В рамках России как «светского демократического государства с республиканской формой правления» (согласно Конституции РФ) это действительно, не имеет значения, и вопрос Венедиктова могут понять лишь искренние и сознательные сторонники такой государственности для нашей страны (СПС, «Яблоко», «Другая Россия», отчасти «Справедливая Россия»). Разумеется, такая ситуация существует только для России, поскольку «тысячелетняя русская парадигма» — иная. Ее нельзя ломать или «насиловать» — она все равно сама собою восстановится, только обернется худшими своими сторонами (это, впрочем, касается любой цивилизационной парадигмы).
Далее, Саймон Тисдолл: «В результате недавно озвученное намерение Путина продолжить свою деятельность в качестве премьер-министра после ухода с президентского поста в будущем наверняка будет реализовано».
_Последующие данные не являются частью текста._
lemma orbit_perturbation_bound:
  fixes A :: "'a \<Rightarrow> real^'d^'d" and D :: "nat \<Rightarrow> real^'d^'d" and e :: real
  assumes e: "e \<ge> 0" and D: "\<And>k. mat_opnorm (D k) \<le> 1"
  shows "mat_opnorm (mat_prod (\<lambda>k. A ((\<sigma> ^^ k) \<omega>) + e *\<^sub>R D k) n - mat_prod (\<lambda>k. A ((\<sigma> ^^ k) \<omega>)) n)
      \<le> exp (birkhoff_sum \<sigma> (\<lambda>\<omega>. max 0 (ln (mat_opnorm (A \<omega>)))) n \<omega>) * ((1 + e) ^ n - 1)"
proof -
  let ?b = "\<lambda>k. exp (max 0 (ln (mat_opnorm (A ((\<sigma> ^^ k) \<omega>)))))"
  have "(\<Prod>k<n. ?b k) = exp (birkhoff_sum \<sigma> (\<lambda>\<omega>. max 0 (ln (mat_opnorm (A \<omega>)))) n \<omega>)"
    unfolding birkhoff_sum_def by (simp add: exp_sum)
  moreover have "mat_opnorm (mat_prod (\<lambda>k. A ((\<sigma> ^^ k) \<omega>) + e *\<^sub>R D k) n
      - mat_prod (\<lambda>k. A ((\<sigma> ^^ k) \<omega>)) n) \<le> (\<Prod>k<n. ?b k) * ((1 + e) ^ n - 1)"
    by (rule mat_prod_perturb_relative) (use e D in \<open>auto intro: mat_opnorm_le_exp_log_plus\<close>)
  ultimately show ?thesis by simp
qed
Косвенным подтверждением тому, что вариант «Путин-премьер» уже принят к разработке, являются сказанные 4 октября слова вице-спикера Госдумы Сергея Миронова о том, что институт полномочных представителей Президента в федеральных округах может быть переориентирован еще до начала президентской кампании. Речь идет об их переподчинении премьер-министру. В связи с этим «Независимая газета» (5.10.07) рассказывает: «Совершенно понятно, также уверен руководитель центра „Экспертиза“ Марк Урнов, что функции представителей президента в том виде, в котором они сформировались при Владимире Путине, были ориентированы сугубо на обуздание своевольных губернаторов. Потому что тогда, напоминает эксперт, контроль федерального Центра над регионами был значительно ослаблен: представители президента при Ельцине ничего не решали и были фигурами фактически незаметными. Урнов считает, что Миронов „как человек информированный, может отражать мнение если не президента, то околопрезидентских кругов о том, что институт полпредов свою миссию уже выполнил“. Институт полпредов сегодня — мощная структура, и поэтому, отмечает эксперт, она таит в себе некоторую потенциальную опасность дестабилизации: „Это может быть раскол по поводу границ регионов, а может, кто-то из полпредов наберет достаточно большой вес. Особенно это может представлять угрозу в условиях перехода к парламентской республике, где более влиятельной фигурой становится премьер. Нет никакого резона оставлять под президентом этих людей. И в логике уже отстроенной вертикали власти эту структуру нужно будет если не ликвидировать, то или ослабить их полномочия, или переориентировать на выполнение других задач. Сделать их, к примеру, региональными представителями либо премьера, либо правительства в целом“.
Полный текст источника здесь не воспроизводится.